##### SOURCE DATA

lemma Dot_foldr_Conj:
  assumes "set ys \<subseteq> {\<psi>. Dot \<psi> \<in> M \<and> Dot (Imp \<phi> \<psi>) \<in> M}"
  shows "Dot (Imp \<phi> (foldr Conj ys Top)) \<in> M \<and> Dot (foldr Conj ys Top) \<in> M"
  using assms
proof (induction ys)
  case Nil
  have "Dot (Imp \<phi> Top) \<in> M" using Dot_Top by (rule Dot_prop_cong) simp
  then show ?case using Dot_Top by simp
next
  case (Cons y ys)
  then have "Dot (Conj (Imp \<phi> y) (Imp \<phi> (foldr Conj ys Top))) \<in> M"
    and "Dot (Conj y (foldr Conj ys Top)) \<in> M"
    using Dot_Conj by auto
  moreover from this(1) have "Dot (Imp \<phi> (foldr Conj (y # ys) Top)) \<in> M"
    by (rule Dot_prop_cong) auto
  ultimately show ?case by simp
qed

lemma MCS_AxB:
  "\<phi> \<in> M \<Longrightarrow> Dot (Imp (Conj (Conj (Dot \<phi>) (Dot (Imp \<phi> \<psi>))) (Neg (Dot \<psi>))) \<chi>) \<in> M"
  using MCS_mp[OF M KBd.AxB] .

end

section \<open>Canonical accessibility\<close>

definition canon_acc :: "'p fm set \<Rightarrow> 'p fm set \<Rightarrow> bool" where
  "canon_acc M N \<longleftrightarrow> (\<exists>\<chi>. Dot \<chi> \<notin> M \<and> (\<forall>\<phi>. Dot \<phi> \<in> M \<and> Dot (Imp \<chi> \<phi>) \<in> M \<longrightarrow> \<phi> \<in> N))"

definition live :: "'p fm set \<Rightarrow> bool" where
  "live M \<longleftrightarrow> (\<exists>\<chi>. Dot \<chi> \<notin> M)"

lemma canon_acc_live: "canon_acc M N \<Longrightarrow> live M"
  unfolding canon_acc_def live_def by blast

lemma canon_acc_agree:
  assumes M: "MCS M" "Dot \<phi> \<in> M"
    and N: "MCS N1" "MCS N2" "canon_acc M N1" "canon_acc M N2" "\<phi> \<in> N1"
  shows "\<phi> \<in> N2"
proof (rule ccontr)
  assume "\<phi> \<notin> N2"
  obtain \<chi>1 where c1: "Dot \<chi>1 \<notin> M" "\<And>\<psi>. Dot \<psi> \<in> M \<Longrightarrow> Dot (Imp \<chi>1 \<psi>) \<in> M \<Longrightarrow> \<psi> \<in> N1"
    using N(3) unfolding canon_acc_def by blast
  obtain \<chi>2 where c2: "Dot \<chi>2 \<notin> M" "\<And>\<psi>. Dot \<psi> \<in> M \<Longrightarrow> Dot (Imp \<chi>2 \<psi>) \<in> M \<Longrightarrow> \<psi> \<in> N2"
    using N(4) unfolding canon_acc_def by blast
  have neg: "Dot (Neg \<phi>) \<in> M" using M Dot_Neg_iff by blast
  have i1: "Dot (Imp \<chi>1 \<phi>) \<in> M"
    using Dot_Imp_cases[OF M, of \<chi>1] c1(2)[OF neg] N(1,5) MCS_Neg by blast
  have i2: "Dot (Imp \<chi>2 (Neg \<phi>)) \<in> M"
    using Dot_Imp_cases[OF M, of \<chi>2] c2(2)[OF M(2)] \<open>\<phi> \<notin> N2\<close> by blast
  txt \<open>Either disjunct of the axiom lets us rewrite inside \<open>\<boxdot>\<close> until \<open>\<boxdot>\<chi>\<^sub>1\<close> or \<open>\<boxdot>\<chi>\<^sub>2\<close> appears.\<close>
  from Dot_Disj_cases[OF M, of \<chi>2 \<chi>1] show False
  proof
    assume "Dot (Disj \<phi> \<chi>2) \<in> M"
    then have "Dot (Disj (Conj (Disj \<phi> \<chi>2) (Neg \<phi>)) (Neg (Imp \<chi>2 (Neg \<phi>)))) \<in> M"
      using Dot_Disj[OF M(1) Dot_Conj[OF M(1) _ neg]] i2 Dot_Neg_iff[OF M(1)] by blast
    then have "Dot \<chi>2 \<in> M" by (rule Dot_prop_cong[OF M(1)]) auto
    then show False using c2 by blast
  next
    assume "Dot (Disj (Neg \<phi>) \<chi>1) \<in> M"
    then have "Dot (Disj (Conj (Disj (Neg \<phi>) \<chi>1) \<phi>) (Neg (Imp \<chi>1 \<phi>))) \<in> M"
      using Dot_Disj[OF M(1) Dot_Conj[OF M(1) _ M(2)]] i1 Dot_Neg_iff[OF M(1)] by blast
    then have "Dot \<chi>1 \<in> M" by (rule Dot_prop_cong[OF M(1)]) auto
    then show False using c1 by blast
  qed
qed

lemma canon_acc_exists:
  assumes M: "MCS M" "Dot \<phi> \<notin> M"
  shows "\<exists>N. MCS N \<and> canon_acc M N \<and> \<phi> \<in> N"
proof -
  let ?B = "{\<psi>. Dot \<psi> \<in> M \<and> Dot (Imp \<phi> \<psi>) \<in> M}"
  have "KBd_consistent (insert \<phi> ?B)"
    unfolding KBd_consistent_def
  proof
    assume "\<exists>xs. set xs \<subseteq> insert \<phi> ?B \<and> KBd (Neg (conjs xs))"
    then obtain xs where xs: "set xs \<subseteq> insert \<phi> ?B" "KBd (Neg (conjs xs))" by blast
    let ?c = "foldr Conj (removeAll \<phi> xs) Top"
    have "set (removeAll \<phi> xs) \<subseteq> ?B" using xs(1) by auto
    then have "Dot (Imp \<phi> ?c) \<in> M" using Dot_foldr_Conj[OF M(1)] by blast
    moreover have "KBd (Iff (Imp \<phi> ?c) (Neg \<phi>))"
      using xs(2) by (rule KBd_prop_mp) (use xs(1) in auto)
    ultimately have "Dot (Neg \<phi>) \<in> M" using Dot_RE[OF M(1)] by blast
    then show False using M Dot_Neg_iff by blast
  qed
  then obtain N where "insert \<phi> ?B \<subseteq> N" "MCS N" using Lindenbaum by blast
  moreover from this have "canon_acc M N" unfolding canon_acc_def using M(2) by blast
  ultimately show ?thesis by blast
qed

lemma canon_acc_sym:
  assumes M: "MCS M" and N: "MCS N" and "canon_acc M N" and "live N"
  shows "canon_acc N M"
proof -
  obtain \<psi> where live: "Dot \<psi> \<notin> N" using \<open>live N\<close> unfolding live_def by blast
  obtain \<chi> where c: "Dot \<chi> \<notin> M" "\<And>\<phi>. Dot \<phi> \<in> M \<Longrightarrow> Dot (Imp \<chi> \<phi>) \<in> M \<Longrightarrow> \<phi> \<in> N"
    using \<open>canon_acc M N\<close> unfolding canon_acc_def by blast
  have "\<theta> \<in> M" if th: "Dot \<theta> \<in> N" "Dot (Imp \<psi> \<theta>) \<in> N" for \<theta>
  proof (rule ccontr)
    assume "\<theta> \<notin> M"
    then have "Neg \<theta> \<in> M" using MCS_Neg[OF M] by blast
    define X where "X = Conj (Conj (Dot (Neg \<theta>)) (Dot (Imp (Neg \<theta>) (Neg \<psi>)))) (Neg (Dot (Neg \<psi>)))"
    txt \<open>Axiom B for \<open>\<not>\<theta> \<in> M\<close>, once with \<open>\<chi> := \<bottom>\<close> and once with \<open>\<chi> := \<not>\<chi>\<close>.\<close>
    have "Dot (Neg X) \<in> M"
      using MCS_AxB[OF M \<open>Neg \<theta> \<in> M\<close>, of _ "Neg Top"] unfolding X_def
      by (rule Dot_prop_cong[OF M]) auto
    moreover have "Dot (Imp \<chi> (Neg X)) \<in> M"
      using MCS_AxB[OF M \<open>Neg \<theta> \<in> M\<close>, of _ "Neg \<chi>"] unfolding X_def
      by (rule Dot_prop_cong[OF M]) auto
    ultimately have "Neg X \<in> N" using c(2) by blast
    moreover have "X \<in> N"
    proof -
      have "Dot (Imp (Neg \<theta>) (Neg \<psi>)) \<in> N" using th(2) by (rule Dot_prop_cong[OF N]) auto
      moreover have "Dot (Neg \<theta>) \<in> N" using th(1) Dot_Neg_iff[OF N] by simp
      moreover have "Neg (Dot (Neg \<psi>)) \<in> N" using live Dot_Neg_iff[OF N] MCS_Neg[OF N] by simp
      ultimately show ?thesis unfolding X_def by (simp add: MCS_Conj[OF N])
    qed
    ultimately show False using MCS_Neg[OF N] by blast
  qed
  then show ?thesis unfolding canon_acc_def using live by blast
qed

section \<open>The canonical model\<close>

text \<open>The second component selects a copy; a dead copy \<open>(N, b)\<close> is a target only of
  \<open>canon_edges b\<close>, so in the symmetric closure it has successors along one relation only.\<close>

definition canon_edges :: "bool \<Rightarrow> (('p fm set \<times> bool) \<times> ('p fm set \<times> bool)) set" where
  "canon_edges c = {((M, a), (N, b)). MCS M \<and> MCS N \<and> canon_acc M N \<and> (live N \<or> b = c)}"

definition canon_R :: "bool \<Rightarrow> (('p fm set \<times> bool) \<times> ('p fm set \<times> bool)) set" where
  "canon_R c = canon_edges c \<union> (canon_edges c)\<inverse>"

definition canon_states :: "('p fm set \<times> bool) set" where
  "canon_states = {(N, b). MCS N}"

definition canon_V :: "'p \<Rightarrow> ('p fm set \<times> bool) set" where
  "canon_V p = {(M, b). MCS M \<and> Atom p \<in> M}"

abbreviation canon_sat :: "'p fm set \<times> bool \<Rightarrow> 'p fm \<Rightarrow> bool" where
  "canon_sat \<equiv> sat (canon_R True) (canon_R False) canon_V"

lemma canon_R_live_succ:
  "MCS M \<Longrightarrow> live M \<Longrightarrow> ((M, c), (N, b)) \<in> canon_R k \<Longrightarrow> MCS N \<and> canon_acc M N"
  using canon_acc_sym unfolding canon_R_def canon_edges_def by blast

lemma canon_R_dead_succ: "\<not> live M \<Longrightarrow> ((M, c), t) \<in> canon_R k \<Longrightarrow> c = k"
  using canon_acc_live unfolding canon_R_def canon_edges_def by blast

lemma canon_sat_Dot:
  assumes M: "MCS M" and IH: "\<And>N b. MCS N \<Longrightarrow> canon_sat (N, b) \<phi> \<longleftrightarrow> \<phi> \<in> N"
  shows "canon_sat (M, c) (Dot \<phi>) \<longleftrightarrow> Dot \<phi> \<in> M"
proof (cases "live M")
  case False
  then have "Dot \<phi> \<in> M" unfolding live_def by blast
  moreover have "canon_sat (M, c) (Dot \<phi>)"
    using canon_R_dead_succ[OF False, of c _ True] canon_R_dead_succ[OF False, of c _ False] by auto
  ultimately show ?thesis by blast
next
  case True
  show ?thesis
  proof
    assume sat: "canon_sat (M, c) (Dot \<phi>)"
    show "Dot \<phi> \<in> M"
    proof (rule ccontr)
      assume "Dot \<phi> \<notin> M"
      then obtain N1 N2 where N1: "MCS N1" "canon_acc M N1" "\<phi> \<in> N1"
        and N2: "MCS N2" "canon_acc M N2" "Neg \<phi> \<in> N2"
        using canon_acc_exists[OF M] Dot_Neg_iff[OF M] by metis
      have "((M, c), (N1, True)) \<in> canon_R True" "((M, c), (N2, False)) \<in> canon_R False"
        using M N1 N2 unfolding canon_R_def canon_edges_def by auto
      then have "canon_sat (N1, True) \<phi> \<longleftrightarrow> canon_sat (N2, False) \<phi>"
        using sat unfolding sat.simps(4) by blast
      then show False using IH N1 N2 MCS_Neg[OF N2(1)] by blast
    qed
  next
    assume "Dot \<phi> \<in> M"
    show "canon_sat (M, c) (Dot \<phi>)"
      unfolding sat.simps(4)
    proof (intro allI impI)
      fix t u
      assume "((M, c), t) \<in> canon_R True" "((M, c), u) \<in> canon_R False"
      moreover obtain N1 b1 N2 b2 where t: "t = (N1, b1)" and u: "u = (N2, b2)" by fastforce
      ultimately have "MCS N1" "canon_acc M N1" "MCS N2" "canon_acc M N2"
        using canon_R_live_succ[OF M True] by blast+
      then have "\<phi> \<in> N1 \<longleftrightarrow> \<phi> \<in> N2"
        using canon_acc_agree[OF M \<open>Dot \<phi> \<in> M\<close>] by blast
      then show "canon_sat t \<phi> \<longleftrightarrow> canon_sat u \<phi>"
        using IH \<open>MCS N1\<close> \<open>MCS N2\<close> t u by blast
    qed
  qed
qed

##########
##### SOURCE DATA

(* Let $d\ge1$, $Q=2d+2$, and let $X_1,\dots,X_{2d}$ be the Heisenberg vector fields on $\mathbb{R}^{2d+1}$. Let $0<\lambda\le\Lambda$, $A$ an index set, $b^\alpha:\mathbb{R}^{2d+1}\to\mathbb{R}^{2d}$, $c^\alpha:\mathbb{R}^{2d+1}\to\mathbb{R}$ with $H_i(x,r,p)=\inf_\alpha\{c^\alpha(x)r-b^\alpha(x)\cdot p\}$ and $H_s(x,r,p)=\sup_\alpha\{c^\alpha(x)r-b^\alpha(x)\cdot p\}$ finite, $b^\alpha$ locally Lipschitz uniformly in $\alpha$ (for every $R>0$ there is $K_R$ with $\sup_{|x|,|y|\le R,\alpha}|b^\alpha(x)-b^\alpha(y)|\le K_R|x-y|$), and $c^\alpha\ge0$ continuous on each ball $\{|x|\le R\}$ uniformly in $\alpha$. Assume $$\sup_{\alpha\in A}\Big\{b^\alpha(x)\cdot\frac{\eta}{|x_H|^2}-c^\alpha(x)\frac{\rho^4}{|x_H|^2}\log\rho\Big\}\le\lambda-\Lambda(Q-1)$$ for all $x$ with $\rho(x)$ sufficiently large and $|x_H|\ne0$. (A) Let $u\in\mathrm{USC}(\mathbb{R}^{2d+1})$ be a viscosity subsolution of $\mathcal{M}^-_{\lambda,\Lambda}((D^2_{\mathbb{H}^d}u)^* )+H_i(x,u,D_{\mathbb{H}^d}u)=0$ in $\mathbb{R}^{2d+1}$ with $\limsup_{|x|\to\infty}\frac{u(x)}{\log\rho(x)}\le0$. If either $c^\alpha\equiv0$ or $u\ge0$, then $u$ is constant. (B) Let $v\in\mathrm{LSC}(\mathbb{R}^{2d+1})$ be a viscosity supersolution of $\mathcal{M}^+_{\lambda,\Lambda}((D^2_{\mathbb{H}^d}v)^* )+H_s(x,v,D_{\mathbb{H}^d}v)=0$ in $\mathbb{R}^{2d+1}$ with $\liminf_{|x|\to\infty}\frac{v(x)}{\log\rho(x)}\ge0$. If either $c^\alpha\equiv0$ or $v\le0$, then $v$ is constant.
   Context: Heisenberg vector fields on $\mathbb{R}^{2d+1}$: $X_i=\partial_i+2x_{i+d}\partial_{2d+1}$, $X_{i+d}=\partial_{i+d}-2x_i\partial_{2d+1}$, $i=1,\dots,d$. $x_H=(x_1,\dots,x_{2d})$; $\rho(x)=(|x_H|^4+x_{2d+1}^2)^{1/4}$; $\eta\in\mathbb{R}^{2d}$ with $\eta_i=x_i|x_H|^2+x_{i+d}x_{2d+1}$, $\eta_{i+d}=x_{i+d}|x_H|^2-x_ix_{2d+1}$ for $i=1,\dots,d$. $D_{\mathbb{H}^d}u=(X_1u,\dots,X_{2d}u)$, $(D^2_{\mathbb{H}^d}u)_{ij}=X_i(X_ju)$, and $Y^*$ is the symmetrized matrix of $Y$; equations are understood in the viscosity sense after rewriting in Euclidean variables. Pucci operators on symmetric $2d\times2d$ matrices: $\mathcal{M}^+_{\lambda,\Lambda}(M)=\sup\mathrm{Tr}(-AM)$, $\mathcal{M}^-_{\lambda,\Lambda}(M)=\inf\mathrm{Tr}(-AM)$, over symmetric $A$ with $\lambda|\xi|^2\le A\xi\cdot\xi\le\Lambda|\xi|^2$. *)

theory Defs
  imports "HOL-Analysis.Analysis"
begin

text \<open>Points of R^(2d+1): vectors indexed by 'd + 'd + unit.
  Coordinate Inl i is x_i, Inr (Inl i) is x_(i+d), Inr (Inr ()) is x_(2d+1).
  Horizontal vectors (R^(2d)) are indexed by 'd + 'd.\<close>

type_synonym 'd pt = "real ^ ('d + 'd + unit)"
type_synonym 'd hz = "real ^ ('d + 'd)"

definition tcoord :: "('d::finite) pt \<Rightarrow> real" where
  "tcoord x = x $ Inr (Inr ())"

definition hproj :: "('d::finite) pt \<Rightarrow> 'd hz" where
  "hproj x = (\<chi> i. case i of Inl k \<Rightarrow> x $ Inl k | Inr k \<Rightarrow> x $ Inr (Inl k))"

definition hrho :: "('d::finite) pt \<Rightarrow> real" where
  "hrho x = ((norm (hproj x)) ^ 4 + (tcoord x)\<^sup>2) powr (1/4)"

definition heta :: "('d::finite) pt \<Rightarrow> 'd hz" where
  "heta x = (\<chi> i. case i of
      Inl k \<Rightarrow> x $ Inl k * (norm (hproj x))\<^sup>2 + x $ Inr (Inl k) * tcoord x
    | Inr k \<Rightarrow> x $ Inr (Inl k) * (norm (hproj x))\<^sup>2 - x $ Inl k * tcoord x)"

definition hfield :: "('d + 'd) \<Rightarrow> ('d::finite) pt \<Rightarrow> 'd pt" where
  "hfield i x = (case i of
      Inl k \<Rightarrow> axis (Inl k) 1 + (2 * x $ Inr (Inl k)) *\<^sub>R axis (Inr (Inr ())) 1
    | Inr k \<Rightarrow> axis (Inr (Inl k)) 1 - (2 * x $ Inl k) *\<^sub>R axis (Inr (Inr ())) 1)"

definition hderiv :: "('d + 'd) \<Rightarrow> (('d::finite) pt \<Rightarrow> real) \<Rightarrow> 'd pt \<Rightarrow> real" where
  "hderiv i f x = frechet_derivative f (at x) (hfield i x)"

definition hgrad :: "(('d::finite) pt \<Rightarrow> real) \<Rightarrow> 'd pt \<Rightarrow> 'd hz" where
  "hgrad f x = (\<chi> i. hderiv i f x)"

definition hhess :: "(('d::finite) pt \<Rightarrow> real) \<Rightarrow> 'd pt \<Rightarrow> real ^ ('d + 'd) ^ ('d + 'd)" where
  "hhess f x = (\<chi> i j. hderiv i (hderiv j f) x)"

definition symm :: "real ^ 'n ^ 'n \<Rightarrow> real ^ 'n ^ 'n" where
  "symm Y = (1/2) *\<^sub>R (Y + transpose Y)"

##########

TASK REQUIREMENTS: Start with the line above that contains "c = canon_edges" and stop after the line that contains "M \<and> Atom". Output those lines exactly, and only those.

YOUR SOLUTION:
  "canon_R c = canon_edges c \<union> (canon_edges c)\<inverse>"

definition canon_states :: "('p fm set \<times> bool) set" where
  "canon_states = {(N, b). MCS N}"

definition canon_V :: "'p \<Rightarrow> ('p fm set \<times> bool) set" where
  "canon_V p = {(M, b). MCS M \<and> Atom p \<in> M}"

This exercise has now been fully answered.